A ação foi organizada pelo Centro de Inteligência da Polícia Civil com base em investigações que apontam os locais que registram a maior incidência de furtos de veículos e roubos a pedestres na área central de Franca. “Nossos agentes do Centro de Inteligência fazem levantamentos diários dos crimes que atormentam a população. Nós, então, com base nestas informações, montamos esta operação num horário diferenciado, que começou às 13 horas, e podemos verificar que conseguimos um bom resultado. Acreditamos que ações desta natureza ajuda a coibir crimes e mostra que estamos atentos também, trabalhando para evitá-los”, disse o delegado Daniel Paulo Radaelli, que comandou a operação. 
 
Pelo levantamento feito pela Polícia Civil, grupos de marginais costumam agir em locais próximos a hospitais praticando furtos de veículos e assaltando pedestres na saída de bancos. Os policiais também patrulharam o Bairro da Estação e as avenidas Brasil e Presidente Vargas. A ação foi realizada nos mesmos moldes da operações da Polícia Civil em dias de pagamentos.
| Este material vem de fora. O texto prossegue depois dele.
(* Let $H=\bigcup_{j=1}^n(c_j,d_j)\subset\mathbb R$ with the closed intervals $[c_j,d_j]$ pairwise disjoint, let $\mathcal B$ be a finite index set and $m\ge1$. Assume: for each $\beta\in\mathcal B$, $b_\beta,\theta_\beta\in C^m(\bar H)$, $b_\beta(x)>0$ for all $x\in\bar H$, $\theta_\beta(H)\subset H$; and there exist an integer $\mu\ge1$ and $\kappa<1$ with $|\theta_\omega(x)-\theta_\omega(y)|\le\kappa|x-y|$ for all $\omega\in\mathcal B_\mu$ and $x,y\in\bar H$. For $s>0$ let $L_s$ be $(L_sf)(x)=\sum_{\beta\in\mathcal B}[b_\beta(x)]^sf(\theta_\beta(x))$, and let $v_s$ be its strictly positive $C^m$ eigenvector with eigenvalue $r(L_s)$. Let $\epsilon_0=1$ and for $\nu\ge1$ $$\epsilon_\nu=\sup\Big\{\frac{|\theta_\omega(x)-\theta_\omega(y)|}{|x-y|}:\omega\in\mathcal B_\nu,\ x,y\in H,\ x\ne y\Big\},$$ and $C_1=\sup\{|Db_\beta(x)|/b_\beta(x):\beta\in\mathcal B,x\in H\}$. Then for $s>0$, $$\sup\Big\{\frac{|Dv_s(x)|}{v_s(x)}:x\in\bar H\Big\}\le C_1s\sum_{\nu=0}^\infty\epsilon_\nu.$$ Moreover, if $\delta\in\{0,1\}$ and $(-1)^\delta Db_\omega(x)/b_\omega(x)\le0$ for all $\omega\in\mathcal B_\nu$, all $\nu\ge1$ and all $x\in\bar H$, then $(-1)^\delta Dv_s(x)\le0$ for all $x\in\bar H$ and all $s>0$.
   Context: $D=d/dx$. $C^m(\bar H)$ denotes real $C^m$ functions on $H$ whose derivatives of order $\le m$ extend continuously to $\bar H$. $\mathcal B_\nu=\{(j_1,\ldots,j_\nu):j_k\in\mathcal B\}$; for $\omega=(j_1,\ldots,j_\nu)$, $\theta_\omega=\theta_{j_\nu}\circ\cdots\circ\theta_{j_1}$ and $b_\omega(x)=b_{j_\nu}(\theta_{(j_1,\ldots,j_{\nu-1})}(x))\cdots b_{j_2}(\theta_{j_1}(x))\,b_{j_1}(x)$. Under these hypotheses, $L_s$ acting on $C^m(\bar H)$ has a strictly positive $C^m$ eigenvector $v_s$, unique up to positive multiples, with eigenvalue $r(L_s)>0$, and $\sum_\nu\epsilon_\nu<\infty$. *)

theory Defs
  imports "HOL-Analysis.Analysis"
begin

text \<open>Thus the derivatives of order \<le> m on H extend continuously to closure H.\<close>
definition Cm_closure :: "nat \<Rightarrow> real set \<Rightarrow> (real \<Rightarrow> real) \<Rightarrow> bool" where
  "Cm_closure m H f \<longleftrightarrow>
     (\<exists>g :: nat \<Rightarrow> real \<Rightarrow> real.
        (\<forall>x\<in>closure H. g 0 x = f x) \<and>
        (\<forall>k\<le>m. continuous_on (closure H) (g k)) \<and>
        (\<forall>k<m. \<forall>x\<in>H. (g k has_real_derivative g (Suc k) x) (at x)))"

text \<open>Derivative D f at a point x of a set S (relative to S); on closure H this is the
  continuous extension of the derivative to the endpoints (one-sided derivative there).\<close>
definition Dwithin :: "real set \<Rightarrow> (real \<Rightarrow> real) \<Rightarrow> real \<Rightarrow> real" where
  "Dwithin S f x = (THE D. (f has_real_derivative D) (at x within S))"

text \<open>Words omega = (j_1,...,j_nu) are lists [j_1,...,j_nu];
  theta_omega = theta_{j_nu} o ... o theta_{j_1}.\<close>
fun theta_word :: "('b \<Rightarrow> real \<Rightarrow> real) \<Rightarrow> 'b list \<Rightarrow> real \<Rightarrow> real" where
  "theta_word \<theta> [] x = x"
| "theta_word \<theta> (j # \<omega>) x = theta_word \<theta> \<omega> (\<theta> j x)"

fun b_word :: "('b \<Rightarrow> real \<Rightarrow> real) \<Rightarrow> ('b \<Rightarrow> real \<Rightarrow> real) \<Rightarrow> 'b list \<Rightarrow> real \<Rightarrow> real" where
  "b_word b \<theta> [] x = 1"
| "b_word b \<theta> (j # \<omega>) x = b j x * b_word b \<theta> \<omega> (\<theta> j x)"

definition words :: "'b set \<Rightarrow> nat \<Rightarrow> 'b list set" where
  "words B \<nu> = {\<omega>. length \<omega> = \<nu> \<and> set \<omega> \<subseteq> B}"

end

theory Submission
  imports Defs
begin

text \<open>Iterating the eigenvalue equation \<open>N\<close> times gives
  \<open>r ^ N * v = (\<Sum>\<omega>\<in>B\<^sub>N. b\<^sub>\<omega> powr s * (v \<circ> \<theta>\<^sub>\<omega>))\<close> on \<open>H\<close>. Differentiating it
  writes \<open>v'/v\<close> at \<open>x\<close> as an average, with weights \<open>b\<^sub>\<omega> x powr s * v (\<theta>\<^sub>\<omega> x)\<close>, of
  \<open>s * (b\<^sub>\<omega>'/b\<^sub>\<omega>) x + (v'/v) (\<theta>\<^sub>\<omega> x) * \<theta>\<^sub>\<omega>' x\<close>. By the chain rule along the word
  the first term is bounded by \<open>C1 * s * (\<Sum>k<N. \<epsilon> k)\<close>, and it has the prescribed sign under the
  monotonicity hypothesis. The second is bounded by \<open>sup \<bar>v'/v\<bar> * \<epsilon> N\<close>, which tends to \<open>0\<close>:
  \<open>\<epsilon>\<close> is submultiplicative and \<open>\<epsilon> \<mu> \<le> \<kappa> < 1\<close>, so it decays geometrically. Letting
  \<open>N \<rightarrow> \<infinity>\<close> and passing to the closure of \<open>H\<close> by continuity gives both claims.\<close>

definition C1_closure :: "real set \<Rightarrow> (real \<Rightarrow> real) \<Rightarrow> (real \<Rightarrow> real) \<Rightarrow> bool" where
  "C1_closure H f f' \<longleftrightarrow>
     continuous_on (closure H) f \<and> continuous_on (closure H) f' \<and>
     (\<forall>x\<in>H. (f has_real_derivative f' x) (at x))"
Para Radaelli, a mudança de data para as abordagens foi estratégica. “Nós temos feito a Operação Pagamento desde o início do ano, mas também estamos realizando ações em datas e horários incertos e de imediato. Este também é um serviço preventivo especializado”, disse o delegado. 
 
Diversas casas abandonadas da região central foram invadidas pela polícia, que buscava criminosos escondidos nestes locais. “Numa casa perto do Hospital Regional, fizemos buscas à procura de suspeitos. Não havia ninguém no local, mas ficou constatado que o imóvel vem servido de esconderijo para viciados e desocupados. A prefeitura será informada da situação e o proprietário deverá ser notificado”, disse o delegado. 

APREENSÃO DE TÊNIS
Numa ação integrada entre os agentes da DIG e Dise, 316 pares de tênis falsificados foram apreendidos. Um veículo Omega em alta velocidade com quatro homens em seu interior, na Avenida Brasil, despertou a atenção dos investigadores Marcos Euclides e Renato Silva, que seguiram o carro até uma residência no Jardim Paulistano. “Vimos que o motorista estava dando ‘cavalo de pau’ na via e o seguimos com uma de nossas viaturas descaracterizadas. Os ocupantes entraram em uma casa e logo um deles saiu no mesmo carro. Abordamos o suspeito e constatamos que dentro do veículo havia vários pares de tênis falsificados. Voltamos e entramos na casa, onde mais tênis de várias marcas falsificadas foram apreendidos”, disse Euclides.